▶ **ASSIGNMENT**
Within the records below, how many lines contain "unfolding"? The answer is that number alone.

▶ **RECORDS FOR THIS EXERCISE**
************

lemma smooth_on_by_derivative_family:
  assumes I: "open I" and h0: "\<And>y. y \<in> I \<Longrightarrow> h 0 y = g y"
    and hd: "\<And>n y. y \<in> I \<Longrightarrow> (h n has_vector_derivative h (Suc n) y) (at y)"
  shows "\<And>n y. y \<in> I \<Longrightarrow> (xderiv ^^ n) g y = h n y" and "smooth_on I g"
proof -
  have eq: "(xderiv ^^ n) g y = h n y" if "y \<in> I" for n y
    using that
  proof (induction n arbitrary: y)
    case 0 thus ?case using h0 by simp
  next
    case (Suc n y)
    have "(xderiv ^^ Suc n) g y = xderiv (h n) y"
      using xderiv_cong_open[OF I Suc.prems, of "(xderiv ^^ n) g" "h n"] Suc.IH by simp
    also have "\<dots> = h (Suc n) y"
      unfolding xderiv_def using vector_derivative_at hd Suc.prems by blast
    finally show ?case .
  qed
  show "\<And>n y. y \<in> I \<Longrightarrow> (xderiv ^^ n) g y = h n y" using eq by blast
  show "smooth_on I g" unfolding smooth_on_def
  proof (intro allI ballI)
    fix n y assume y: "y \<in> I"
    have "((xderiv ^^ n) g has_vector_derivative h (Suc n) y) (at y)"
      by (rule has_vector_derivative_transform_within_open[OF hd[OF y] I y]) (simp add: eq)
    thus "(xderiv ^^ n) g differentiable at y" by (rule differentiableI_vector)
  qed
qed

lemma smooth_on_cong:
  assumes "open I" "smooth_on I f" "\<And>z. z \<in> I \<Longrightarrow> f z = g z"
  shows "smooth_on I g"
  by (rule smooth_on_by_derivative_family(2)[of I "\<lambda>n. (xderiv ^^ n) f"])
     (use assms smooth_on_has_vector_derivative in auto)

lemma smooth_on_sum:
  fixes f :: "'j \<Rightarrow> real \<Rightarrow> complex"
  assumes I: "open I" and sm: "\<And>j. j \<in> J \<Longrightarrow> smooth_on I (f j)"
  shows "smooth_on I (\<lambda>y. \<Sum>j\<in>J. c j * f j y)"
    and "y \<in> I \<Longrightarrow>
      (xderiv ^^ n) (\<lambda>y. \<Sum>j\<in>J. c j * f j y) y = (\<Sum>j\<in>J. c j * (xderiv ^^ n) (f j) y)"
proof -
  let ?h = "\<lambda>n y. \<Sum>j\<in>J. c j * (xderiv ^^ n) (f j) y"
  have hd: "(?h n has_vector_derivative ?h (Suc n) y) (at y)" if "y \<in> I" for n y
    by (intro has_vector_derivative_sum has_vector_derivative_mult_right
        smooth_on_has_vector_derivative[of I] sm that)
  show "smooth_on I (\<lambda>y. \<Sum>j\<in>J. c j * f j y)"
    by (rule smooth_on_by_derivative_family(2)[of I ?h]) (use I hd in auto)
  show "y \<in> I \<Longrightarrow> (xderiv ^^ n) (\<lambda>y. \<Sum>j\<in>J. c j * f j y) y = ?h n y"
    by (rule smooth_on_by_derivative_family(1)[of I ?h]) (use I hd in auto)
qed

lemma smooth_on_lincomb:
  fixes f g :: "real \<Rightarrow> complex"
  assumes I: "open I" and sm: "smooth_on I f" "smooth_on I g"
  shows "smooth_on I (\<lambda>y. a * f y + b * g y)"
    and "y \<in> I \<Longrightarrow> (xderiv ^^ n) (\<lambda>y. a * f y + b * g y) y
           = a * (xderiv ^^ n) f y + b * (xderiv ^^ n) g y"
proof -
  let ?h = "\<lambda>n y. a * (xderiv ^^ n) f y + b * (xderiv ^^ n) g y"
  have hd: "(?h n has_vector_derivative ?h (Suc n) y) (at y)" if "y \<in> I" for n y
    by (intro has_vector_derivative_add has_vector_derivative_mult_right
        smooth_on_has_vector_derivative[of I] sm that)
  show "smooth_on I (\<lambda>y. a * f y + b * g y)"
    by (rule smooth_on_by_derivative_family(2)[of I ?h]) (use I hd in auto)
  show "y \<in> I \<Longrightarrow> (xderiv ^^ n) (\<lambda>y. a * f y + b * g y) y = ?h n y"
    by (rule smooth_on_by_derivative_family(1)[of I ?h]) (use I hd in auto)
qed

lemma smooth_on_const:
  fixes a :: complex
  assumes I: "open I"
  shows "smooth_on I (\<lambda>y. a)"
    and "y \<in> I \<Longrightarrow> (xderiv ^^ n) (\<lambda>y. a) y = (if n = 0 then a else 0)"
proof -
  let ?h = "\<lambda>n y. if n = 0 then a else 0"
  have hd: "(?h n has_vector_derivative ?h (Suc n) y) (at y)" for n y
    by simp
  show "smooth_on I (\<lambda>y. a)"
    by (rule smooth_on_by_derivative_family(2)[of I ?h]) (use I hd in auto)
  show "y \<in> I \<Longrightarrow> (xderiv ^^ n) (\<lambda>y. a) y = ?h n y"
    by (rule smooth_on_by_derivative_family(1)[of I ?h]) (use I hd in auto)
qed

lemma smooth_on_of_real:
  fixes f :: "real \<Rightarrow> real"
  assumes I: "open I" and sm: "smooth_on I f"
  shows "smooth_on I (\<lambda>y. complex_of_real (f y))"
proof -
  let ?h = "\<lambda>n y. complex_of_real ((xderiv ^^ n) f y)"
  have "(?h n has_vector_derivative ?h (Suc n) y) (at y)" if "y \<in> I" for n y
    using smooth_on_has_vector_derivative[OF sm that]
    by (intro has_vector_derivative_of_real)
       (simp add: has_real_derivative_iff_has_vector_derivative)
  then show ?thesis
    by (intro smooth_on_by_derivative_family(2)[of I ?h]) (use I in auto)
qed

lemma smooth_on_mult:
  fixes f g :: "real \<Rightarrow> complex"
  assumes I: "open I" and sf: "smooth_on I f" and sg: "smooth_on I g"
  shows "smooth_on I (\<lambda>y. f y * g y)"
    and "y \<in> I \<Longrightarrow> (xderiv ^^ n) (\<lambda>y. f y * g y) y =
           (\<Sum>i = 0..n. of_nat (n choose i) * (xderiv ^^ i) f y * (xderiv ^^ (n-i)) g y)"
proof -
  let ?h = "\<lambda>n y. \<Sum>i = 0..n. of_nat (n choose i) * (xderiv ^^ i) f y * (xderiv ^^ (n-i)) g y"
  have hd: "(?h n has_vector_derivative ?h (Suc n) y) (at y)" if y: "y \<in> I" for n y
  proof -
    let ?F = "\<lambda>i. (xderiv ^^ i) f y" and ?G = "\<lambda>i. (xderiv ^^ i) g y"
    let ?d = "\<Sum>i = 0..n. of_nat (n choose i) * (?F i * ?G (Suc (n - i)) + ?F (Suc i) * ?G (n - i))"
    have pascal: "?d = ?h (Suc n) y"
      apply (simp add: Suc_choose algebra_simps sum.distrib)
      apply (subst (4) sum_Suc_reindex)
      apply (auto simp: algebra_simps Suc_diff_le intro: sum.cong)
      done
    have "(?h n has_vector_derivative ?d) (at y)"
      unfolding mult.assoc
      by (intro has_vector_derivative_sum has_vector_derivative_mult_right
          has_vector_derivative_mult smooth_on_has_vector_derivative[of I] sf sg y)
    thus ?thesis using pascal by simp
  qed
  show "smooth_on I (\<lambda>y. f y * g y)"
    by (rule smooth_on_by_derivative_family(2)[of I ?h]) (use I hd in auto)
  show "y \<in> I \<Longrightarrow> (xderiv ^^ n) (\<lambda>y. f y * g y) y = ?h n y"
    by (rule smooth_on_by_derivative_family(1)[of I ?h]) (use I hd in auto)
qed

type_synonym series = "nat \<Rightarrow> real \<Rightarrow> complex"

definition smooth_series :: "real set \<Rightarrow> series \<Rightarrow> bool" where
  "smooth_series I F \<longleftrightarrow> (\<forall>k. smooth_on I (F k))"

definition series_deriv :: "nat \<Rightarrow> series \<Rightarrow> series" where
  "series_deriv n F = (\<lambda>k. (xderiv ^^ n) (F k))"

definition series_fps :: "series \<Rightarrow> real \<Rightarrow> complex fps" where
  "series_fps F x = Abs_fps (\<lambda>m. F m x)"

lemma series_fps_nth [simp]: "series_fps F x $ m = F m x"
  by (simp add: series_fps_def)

************

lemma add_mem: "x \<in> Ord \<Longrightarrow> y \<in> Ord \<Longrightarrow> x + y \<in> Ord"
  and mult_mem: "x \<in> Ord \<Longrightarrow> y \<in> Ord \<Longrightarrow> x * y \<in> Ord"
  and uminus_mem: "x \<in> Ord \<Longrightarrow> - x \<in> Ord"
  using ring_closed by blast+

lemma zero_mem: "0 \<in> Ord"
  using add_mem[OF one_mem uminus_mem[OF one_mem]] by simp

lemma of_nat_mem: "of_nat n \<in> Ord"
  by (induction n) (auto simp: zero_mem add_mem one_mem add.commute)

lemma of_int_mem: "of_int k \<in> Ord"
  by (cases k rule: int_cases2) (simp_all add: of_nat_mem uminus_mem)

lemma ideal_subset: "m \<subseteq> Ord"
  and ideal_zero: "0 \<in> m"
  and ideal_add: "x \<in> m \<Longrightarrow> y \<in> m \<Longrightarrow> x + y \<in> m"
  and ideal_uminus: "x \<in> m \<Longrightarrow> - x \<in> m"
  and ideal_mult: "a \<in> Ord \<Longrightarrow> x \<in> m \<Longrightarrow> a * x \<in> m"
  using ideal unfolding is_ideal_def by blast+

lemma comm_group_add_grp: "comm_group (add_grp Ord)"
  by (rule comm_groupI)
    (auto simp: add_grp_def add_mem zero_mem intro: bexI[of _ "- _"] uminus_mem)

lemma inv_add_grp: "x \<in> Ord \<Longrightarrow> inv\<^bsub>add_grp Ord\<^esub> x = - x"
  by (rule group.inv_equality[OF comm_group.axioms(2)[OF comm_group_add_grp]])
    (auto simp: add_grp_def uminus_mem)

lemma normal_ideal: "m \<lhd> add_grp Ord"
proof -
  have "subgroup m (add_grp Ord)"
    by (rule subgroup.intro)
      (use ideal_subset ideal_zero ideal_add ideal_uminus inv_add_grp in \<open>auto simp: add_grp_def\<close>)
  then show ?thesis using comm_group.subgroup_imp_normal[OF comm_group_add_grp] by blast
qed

************

▶ **THE COMPLETED TASK**
4